TASK DETAILS: Exactly as they appear, copy the lines from the start of the entries below to the line containing "0) \<and> (\<forall>i>h.", both ends included.

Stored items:
BEGIN

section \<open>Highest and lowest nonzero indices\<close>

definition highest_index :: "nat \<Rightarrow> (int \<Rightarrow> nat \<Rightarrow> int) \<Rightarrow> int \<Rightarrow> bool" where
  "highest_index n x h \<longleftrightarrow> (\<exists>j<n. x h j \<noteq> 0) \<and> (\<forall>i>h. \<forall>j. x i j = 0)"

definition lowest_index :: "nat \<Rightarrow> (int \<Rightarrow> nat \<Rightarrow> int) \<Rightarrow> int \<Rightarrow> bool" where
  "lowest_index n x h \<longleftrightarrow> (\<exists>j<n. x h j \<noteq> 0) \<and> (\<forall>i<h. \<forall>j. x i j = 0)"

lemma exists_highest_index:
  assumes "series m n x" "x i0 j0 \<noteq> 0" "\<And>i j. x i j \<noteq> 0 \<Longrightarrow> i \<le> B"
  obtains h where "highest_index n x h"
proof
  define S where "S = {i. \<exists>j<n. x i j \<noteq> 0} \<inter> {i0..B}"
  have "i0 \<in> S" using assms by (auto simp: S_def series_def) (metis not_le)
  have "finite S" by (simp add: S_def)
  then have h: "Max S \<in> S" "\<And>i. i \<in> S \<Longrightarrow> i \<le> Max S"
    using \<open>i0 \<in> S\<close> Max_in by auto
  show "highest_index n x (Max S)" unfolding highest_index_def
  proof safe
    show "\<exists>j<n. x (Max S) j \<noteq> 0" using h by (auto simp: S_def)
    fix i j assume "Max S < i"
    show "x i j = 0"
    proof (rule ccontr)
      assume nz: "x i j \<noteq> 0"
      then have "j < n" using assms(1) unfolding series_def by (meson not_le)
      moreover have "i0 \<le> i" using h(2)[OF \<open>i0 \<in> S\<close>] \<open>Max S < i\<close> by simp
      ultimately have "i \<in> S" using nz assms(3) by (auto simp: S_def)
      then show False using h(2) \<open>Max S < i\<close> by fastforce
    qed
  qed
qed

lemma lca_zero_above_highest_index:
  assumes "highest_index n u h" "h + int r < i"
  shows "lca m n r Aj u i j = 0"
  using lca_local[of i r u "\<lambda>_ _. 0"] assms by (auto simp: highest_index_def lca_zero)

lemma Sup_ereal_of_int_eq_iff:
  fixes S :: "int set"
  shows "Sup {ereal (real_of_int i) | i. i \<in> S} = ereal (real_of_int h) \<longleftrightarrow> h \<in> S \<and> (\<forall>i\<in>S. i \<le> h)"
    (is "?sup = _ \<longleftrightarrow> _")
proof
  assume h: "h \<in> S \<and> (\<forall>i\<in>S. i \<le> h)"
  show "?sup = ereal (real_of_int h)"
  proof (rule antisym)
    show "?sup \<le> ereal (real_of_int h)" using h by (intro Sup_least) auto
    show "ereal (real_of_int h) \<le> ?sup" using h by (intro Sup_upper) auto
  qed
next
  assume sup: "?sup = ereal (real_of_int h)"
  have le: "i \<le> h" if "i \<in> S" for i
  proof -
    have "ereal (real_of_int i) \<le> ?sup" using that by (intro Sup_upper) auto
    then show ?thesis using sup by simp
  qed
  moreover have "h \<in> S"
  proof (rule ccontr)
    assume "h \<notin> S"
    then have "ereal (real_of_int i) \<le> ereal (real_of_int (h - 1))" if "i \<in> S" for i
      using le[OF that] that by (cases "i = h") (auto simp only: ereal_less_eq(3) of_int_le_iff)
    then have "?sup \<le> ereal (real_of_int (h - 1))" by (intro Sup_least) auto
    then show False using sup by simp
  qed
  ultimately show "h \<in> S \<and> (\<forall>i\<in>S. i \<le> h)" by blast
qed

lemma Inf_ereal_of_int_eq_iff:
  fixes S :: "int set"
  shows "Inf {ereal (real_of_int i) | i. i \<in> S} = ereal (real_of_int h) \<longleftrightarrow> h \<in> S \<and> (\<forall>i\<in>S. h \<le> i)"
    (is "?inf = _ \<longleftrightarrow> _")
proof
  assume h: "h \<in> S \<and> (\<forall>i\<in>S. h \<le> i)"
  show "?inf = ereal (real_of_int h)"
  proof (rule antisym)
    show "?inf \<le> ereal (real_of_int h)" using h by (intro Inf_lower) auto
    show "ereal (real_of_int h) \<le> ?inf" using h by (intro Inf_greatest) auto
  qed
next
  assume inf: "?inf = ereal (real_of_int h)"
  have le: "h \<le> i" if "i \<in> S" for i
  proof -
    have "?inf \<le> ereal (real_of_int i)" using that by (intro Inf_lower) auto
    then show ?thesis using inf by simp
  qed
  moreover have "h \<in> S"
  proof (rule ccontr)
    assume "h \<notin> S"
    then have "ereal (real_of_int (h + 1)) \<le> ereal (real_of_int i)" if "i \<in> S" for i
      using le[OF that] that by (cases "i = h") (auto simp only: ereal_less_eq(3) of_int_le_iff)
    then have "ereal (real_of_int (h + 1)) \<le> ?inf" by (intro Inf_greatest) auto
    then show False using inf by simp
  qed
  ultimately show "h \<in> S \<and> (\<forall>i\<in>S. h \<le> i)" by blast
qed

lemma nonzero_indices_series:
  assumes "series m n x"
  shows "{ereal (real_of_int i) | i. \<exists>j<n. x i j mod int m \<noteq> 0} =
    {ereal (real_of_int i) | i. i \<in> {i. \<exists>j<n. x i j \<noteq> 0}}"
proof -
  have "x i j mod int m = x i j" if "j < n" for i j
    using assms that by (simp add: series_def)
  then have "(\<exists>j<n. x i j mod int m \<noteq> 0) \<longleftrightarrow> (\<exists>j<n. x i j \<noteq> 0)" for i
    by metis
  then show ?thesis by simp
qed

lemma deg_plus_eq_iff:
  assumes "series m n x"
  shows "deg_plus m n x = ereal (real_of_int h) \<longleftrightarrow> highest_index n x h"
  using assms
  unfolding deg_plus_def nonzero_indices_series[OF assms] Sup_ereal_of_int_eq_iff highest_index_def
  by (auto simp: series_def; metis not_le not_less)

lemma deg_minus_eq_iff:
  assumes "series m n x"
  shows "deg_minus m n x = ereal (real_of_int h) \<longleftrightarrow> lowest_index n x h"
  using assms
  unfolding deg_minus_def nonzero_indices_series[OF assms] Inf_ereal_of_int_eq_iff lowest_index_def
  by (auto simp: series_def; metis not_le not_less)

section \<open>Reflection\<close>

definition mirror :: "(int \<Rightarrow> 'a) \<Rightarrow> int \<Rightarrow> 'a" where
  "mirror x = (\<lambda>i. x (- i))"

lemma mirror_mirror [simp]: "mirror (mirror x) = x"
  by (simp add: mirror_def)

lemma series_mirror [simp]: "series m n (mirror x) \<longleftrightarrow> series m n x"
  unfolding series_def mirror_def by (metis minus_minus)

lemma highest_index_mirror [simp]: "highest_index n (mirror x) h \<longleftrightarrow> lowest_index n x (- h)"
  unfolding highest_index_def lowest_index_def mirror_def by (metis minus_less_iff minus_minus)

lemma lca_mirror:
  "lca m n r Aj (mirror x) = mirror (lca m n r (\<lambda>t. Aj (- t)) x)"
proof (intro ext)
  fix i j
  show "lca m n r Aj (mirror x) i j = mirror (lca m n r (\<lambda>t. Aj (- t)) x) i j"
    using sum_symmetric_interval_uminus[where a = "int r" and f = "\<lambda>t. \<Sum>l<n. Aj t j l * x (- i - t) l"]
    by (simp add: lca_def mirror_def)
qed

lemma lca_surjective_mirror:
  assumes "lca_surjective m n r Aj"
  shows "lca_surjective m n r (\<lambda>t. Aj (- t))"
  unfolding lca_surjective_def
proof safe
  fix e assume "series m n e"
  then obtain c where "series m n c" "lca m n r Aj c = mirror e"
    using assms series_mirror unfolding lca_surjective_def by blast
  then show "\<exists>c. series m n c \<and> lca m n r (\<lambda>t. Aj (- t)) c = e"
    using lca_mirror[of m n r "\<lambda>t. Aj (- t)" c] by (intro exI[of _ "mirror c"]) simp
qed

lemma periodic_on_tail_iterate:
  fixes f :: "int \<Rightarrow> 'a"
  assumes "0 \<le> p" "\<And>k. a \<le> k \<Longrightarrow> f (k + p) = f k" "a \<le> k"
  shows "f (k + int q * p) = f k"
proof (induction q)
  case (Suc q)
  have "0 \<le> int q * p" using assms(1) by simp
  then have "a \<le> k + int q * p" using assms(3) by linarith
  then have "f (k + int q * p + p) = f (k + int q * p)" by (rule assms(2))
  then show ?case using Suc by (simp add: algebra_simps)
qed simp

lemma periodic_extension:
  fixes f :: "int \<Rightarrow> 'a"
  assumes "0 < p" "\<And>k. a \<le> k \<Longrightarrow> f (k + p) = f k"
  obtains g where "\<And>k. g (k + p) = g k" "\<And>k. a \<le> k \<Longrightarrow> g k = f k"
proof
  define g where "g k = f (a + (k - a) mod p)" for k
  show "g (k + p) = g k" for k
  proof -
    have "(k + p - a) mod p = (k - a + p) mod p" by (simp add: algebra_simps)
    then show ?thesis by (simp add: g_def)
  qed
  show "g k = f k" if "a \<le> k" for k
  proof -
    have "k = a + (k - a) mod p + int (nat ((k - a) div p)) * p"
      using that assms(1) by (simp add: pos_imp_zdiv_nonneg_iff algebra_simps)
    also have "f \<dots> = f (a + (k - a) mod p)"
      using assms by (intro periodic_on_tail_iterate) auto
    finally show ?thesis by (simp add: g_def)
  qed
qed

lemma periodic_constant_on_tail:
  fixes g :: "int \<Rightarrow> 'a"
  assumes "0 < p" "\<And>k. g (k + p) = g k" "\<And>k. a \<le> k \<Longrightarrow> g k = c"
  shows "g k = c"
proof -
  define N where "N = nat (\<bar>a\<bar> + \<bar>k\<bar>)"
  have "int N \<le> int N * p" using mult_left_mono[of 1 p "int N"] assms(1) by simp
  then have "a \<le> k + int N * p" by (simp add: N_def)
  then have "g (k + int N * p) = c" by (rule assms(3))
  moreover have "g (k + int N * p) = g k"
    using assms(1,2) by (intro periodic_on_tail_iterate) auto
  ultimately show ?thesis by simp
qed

END

RESULT OF THE EXERCISE:
section \<open>Highest and lowest nonzero indices\<close>

definition highest_index :: "nat \<Rightarrow> (int \<Rightarrow> nat \<Rightarrow> int) \<Rightarrow> int \<Rightarrow> bool" where
  "highest_index n x h \<longleftrightarrow> (\<exists>j<n. x h j \<noteq> 0) \<and> (\<forall>i>h. \<forall>j. x i j = 0)"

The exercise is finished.